**Action item**
Start at the line with "V E \<longleftrightarrow>" in the records below, stop at the line with "E M \<longleftrightarrow>", and return every line in that span exactly, the two end lines included.

**Provided material**
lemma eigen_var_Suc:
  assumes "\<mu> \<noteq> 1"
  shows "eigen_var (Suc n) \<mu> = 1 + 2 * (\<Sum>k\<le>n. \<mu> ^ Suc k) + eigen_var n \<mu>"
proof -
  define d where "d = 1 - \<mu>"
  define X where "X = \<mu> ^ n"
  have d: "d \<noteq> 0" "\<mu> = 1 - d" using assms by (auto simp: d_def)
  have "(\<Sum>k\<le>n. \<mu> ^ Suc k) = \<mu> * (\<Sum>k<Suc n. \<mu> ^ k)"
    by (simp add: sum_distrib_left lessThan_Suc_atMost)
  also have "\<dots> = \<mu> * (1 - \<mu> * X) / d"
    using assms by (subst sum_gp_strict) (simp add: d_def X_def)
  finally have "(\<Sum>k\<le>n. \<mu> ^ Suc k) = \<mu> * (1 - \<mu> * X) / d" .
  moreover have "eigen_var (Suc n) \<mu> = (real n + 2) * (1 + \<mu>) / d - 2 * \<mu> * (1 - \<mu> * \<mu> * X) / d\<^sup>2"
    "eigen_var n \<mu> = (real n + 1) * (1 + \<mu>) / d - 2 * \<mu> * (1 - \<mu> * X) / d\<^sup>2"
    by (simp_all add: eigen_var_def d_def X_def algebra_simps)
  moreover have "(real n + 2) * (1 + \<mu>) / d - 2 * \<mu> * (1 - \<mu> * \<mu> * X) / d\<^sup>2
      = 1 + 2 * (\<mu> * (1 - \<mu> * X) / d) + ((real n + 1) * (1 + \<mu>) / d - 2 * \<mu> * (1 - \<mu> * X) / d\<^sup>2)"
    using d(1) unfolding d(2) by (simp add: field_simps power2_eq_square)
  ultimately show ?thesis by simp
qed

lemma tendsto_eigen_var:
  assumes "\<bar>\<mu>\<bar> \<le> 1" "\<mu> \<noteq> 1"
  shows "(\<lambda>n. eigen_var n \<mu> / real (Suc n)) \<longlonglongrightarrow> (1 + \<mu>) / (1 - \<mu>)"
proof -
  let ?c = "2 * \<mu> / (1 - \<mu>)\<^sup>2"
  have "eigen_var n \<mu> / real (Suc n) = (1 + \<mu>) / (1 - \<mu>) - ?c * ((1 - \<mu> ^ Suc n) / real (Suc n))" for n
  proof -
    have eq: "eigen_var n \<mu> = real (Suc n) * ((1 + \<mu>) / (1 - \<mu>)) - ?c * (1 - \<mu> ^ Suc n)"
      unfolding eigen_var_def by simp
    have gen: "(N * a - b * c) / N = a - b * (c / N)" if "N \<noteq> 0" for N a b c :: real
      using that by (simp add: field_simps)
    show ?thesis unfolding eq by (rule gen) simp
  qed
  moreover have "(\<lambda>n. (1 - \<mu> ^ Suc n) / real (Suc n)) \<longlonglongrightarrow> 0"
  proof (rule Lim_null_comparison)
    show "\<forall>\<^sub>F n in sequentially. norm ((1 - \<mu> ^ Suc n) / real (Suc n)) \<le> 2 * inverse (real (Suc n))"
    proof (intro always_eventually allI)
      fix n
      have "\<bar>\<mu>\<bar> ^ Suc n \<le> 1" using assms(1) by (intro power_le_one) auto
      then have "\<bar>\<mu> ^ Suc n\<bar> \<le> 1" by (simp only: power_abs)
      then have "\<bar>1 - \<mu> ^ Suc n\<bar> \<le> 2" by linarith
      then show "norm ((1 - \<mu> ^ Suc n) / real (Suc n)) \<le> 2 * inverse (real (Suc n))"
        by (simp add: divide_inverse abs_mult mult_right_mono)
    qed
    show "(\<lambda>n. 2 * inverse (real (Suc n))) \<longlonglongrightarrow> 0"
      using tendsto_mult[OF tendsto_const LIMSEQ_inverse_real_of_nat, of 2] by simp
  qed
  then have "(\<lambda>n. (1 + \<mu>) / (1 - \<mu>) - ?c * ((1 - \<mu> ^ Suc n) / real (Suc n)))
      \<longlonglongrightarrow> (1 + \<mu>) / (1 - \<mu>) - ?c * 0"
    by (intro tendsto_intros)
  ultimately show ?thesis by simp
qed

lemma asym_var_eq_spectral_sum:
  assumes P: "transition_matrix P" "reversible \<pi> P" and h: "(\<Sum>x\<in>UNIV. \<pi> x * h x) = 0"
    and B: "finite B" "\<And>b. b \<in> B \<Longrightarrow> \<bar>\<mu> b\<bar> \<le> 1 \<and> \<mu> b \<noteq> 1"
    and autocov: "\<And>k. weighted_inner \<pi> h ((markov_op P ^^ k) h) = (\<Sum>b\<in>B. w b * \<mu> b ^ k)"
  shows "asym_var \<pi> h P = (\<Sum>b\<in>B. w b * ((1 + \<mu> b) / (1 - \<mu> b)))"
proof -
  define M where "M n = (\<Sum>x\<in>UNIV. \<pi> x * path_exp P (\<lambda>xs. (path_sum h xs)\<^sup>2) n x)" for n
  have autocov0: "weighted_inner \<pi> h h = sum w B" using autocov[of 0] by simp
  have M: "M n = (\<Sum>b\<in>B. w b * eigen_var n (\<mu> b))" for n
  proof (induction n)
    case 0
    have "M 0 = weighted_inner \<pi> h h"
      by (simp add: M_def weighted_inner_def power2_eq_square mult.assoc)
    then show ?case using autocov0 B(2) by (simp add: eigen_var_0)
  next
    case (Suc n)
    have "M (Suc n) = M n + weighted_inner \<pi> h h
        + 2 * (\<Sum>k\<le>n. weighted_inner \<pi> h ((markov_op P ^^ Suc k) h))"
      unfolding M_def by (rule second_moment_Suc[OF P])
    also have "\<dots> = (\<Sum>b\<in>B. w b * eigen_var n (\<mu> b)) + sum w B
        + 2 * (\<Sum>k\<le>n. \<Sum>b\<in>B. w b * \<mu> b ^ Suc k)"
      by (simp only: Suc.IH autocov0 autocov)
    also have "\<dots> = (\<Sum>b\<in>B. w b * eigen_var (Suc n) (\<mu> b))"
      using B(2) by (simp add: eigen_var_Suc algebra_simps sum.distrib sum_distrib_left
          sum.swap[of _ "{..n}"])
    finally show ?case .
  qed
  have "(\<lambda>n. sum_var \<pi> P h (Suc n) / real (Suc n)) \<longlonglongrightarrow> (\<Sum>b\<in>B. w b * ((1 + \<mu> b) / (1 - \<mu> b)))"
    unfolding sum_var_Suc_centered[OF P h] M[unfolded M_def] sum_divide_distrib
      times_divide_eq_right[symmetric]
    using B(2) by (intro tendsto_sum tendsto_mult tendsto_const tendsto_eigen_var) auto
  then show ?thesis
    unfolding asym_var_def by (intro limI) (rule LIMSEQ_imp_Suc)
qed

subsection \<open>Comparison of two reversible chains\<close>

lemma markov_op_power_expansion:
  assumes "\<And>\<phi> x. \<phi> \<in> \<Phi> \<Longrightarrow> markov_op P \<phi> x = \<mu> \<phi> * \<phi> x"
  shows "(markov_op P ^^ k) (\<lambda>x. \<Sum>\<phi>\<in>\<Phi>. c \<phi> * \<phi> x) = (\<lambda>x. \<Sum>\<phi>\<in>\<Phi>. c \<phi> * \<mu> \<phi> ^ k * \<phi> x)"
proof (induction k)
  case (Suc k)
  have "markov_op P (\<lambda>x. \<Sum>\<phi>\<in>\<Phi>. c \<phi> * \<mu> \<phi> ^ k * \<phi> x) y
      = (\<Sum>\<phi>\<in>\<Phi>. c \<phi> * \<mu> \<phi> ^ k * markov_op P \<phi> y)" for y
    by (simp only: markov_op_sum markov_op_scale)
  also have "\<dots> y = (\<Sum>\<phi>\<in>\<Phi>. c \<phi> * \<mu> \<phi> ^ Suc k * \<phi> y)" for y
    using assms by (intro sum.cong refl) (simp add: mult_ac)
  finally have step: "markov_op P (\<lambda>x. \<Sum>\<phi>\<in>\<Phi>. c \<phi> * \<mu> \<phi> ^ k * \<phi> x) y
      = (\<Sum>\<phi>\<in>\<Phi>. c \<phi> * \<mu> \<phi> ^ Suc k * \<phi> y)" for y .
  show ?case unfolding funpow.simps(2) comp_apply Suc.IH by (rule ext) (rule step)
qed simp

...

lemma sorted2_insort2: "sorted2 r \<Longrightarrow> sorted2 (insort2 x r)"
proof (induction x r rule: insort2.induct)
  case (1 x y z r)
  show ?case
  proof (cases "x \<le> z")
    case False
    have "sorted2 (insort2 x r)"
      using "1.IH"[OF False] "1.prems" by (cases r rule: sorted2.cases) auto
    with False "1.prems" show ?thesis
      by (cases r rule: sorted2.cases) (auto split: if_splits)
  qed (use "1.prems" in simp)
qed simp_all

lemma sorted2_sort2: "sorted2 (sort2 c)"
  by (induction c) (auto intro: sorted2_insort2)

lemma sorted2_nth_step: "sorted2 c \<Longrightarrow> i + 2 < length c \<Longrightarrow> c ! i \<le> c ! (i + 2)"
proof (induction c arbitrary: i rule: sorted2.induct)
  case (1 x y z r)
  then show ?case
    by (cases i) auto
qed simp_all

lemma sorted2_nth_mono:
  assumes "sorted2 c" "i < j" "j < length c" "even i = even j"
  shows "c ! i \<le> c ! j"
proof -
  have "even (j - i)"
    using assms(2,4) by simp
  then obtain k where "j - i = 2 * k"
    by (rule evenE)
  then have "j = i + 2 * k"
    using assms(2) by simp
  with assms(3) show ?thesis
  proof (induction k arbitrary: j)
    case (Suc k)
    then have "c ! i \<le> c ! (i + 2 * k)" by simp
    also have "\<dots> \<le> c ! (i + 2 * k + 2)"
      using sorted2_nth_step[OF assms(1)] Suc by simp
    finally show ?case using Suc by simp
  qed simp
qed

==

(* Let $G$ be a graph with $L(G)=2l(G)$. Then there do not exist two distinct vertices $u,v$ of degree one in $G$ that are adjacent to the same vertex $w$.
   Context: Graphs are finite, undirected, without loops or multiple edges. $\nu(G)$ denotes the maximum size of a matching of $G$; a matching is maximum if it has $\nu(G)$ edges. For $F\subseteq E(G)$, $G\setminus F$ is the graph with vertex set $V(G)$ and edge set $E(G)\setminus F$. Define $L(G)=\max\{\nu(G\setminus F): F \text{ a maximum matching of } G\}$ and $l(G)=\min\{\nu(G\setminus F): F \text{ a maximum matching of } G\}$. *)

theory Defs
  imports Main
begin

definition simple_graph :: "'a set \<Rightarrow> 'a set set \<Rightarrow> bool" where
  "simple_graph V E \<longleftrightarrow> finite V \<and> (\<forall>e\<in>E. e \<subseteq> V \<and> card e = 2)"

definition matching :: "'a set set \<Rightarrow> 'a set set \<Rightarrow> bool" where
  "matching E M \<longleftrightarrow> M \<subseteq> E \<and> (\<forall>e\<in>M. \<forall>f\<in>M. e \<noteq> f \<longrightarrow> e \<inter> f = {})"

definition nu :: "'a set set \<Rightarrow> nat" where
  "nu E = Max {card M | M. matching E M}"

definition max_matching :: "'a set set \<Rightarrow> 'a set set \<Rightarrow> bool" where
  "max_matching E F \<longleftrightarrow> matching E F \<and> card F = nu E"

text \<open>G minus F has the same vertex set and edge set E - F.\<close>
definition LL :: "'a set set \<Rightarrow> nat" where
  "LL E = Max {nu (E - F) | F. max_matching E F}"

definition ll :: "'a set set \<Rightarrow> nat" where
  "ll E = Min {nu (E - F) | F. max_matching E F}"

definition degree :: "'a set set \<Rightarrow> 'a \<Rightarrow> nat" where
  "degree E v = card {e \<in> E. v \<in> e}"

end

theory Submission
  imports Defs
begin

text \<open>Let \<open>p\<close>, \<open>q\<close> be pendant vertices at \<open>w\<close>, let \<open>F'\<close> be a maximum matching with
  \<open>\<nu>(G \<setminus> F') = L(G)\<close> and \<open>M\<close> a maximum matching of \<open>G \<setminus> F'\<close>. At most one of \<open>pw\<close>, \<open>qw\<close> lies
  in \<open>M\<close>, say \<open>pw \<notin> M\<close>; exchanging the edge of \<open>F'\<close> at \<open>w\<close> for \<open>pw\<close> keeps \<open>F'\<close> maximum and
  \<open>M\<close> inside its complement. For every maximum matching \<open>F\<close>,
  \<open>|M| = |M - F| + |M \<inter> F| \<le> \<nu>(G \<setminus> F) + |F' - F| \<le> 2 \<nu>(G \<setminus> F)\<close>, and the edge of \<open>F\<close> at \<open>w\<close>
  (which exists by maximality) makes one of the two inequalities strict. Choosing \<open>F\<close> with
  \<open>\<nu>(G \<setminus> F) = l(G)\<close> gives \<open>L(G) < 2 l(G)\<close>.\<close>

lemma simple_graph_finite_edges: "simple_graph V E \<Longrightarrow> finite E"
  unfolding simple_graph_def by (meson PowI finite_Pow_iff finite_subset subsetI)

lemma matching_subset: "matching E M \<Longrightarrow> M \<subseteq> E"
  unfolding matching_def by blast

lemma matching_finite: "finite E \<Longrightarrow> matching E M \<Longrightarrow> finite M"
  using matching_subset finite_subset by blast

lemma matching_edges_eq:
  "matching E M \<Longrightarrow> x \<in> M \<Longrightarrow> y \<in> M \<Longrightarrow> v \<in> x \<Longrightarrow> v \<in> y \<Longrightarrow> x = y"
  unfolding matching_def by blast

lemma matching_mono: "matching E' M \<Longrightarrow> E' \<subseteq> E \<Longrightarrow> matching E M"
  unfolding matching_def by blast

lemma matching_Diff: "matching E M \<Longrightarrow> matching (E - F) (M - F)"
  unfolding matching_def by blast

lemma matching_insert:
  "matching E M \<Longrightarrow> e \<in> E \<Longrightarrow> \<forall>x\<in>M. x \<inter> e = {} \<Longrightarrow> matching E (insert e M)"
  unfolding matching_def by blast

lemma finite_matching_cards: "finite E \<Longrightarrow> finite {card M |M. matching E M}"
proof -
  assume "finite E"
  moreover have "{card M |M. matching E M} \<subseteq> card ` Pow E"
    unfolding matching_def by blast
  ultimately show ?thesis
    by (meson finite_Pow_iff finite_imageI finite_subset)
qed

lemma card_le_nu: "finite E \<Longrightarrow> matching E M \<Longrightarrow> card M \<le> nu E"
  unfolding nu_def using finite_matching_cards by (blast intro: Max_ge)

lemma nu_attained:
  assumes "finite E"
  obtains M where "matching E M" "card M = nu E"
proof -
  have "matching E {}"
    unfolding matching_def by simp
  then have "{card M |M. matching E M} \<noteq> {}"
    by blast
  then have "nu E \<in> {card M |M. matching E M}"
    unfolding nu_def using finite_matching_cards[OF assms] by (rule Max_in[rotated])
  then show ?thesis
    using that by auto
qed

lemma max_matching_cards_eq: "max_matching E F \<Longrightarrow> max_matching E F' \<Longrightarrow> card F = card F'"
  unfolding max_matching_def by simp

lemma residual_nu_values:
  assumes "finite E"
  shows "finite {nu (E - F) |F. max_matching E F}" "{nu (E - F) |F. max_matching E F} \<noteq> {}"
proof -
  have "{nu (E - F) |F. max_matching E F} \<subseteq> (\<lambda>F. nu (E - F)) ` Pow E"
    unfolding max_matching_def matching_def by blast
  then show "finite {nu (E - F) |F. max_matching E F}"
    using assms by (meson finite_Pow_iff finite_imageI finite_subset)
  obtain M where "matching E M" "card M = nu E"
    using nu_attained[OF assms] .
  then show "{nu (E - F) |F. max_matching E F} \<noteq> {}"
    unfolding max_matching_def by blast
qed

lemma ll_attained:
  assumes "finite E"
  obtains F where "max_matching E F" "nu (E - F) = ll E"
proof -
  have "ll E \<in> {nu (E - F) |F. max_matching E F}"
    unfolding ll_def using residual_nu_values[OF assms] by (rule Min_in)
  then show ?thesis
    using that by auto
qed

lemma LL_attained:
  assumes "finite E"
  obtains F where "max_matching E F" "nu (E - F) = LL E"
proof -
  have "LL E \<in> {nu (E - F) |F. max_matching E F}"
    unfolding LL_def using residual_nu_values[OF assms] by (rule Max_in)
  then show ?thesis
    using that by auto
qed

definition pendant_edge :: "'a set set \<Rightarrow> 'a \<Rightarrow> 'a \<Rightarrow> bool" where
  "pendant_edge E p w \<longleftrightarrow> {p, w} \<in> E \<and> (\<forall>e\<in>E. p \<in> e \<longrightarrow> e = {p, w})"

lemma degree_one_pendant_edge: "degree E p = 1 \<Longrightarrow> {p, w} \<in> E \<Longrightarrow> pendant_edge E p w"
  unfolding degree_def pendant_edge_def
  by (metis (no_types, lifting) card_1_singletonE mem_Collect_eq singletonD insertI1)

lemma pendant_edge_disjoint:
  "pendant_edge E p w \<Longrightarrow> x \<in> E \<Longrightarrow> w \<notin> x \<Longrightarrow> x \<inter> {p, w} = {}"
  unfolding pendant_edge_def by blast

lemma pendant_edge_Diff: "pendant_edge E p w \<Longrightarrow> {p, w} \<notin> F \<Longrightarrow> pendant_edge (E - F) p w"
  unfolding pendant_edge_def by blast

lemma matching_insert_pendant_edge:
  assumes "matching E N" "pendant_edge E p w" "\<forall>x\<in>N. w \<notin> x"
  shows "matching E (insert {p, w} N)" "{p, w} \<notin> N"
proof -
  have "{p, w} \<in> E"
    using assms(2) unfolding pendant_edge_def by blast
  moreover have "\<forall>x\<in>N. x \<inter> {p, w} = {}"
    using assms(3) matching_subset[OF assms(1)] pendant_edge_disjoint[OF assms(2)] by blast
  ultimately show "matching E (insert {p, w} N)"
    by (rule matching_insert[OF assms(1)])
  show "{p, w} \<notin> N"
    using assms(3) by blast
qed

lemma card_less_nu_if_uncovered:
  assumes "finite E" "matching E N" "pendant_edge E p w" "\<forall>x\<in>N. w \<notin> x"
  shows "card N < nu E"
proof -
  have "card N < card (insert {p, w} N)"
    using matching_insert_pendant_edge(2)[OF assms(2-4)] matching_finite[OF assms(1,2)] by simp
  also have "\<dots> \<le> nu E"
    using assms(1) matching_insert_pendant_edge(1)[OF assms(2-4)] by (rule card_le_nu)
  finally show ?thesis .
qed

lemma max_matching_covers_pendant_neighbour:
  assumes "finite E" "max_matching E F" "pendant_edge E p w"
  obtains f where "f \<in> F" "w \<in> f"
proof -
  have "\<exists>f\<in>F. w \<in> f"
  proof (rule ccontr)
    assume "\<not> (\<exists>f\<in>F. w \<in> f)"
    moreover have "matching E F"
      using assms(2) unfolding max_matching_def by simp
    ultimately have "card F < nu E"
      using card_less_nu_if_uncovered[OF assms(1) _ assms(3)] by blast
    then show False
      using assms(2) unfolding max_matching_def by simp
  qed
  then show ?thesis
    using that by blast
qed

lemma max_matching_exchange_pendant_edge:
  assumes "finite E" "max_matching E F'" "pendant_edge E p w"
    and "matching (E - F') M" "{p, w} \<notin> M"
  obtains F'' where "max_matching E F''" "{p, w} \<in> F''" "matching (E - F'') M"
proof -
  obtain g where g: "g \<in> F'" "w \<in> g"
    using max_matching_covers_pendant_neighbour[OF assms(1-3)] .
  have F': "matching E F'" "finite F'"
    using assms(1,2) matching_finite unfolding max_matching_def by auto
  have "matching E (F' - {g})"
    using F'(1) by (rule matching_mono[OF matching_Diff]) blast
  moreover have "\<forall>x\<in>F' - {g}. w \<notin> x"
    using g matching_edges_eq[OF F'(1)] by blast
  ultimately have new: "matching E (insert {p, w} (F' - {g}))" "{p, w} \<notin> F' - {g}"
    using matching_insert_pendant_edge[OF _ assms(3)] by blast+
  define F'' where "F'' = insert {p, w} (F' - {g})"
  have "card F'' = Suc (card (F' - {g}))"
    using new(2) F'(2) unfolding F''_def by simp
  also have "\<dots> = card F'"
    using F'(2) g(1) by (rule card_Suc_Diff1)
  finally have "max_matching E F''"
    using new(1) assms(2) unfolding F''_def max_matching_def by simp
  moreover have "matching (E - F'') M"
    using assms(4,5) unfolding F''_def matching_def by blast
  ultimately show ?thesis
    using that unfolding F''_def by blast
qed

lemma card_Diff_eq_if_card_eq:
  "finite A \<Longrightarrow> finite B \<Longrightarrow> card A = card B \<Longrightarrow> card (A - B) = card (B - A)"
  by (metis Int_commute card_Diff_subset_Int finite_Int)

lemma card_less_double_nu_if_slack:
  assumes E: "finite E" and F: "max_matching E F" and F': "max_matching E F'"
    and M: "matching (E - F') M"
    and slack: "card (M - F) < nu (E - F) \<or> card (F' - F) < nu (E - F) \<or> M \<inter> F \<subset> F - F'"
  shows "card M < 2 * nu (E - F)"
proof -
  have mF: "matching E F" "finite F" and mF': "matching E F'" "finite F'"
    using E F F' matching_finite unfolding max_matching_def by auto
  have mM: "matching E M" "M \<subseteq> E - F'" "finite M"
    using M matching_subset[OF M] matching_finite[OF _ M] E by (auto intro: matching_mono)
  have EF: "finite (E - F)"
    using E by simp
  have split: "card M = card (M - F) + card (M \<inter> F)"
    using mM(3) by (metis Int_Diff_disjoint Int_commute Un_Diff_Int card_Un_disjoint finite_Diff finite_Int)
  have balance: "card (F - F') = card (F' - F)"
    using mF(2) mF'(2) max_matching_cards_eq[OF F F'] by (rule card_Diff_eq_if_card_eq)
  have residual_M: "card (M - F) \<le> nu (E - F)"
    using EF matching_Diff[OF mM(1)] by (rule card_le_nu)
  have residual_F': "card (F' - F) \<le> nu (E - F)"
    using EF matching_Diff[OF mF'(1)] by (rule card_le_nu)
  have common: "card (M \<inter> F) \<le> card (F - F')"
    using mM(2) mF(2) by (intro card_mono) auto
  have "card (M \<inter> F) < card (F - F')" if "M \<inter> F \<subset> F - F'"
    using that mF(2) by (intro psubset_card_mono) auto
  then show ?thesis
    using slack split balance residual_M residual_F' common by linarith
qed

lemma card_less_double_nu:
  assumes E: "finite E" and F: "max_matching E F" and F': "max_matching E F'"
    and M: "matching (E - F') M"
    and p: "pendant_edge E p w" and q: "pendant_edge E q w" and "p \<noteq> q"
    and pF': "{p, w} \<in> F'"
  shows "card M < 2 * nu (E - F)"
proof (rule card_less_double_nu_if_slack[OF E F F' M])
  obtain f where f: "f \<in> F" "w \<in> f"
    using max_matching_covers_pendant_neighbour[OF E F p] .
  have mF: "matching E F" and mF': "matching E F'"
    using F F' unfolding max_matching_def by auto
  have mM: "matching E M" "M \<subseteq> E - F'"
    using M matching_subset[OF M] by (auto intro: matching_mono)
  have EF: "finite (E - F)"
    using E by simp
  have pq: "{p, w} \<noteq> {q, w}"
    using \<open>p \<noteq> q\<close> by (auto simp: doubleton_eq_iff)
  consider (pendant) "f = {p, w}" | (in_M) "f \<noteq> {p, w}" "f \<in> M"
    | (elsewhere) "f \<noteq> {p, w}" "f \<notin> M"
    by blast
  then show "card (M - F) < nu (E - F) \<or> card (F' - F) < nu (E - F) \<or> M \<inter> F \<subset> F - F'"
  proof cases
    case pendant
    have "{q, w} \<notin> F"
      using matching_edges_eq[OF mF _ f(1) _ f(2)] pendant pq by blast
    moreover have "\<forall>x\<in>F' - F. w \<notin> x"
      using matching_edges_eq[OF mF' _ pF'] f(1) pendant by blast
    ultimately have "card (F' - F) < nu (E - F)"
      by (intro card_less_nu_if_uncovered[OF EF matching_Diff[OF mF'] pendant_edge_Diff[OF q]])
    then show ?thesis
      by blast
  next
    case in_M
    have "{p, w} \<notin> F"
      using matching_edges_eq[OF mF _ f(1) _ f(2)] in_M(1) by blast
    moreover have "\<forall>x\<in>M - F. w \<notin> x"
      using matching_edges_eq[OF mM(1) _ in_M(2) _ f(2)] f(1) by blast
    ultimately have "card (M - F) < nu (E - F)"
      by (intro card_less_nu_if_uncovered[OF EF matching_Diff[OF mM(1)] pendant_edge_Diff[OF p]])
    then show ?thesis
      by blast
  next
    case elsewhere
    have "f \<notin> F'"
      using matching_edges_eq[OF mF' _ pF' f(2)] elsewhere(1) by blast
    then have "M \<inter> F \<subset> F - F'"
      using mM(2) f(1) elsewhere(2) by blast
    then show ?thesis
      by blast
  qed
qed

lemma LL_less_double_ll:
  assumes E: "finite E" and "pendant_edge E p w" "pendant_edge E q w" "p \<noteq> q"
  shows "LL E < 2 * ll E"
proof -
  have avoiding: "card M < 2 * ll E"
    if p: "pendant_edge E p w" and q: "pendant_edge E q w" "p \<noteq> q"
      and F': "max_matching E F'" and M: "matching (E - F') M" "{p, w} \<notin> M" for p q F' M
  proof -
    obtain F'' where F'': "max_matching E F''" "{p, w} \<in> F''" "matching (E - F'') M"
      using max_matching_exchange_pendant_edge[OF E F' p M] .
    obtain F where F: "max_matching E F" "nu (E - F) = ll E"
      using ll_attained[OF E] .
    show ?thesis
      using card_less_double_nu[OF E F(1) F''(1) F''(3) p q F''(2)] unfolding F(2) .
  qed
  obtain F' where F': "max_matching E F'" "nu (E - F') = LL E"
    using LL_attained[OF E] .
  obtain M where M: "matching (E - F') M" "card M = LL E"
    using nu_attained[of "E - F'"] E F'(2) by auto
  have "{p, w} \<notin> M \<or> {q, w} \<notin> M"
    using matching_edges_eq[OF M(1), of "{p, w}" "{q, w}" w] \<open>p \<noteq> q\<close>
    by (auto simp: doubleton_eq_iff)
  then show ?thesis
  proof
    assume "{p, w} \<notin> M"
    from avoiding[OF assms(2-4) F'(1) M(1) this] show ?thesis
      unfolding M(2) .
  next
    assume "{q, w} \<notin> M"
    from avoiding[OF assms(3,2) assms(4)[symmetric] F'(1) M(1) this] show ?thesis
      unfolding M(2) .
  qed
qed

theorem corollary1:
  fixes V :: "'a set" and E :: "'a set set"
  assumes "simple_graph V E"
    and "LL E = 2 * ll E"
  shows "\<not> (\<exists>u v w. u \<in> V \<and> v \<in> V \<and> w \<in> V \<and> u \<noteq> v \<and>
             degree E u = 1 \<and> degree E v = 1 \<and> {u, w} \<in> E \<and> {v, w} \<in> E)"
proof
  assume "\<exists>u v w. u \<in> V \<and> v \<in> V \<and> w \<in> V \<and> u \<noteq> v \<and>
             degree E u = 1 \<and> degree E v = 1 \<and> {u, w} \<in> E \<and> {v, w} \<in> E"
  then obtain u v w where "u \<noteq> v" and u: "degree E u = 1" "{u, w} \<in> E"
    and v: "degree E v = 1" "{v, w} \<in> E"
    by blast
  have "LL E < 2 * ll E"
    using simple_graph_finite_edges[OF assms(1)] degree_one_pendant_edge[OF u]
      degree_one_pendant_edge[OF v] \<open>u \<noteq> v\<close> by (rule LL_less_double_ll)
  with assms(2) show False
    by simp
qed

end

**Your response**
  "simple_graph V E \<longleftrightarrow> finite V \<and> (\<forall>e\<in>E. e \<subseteq> V \<and> card e = 2)"

definition matching :: "'a set set \<Rightarrow> 'a set set \<Rightarrow> bool" where
  "matching E M \<longleftrightarrow> M \<subseteq> E \<and> (\<forall>e\<in>M. \<forall>f\<in>M. e \<noteq> f \<longrightarrow> e \<inter> f = {})"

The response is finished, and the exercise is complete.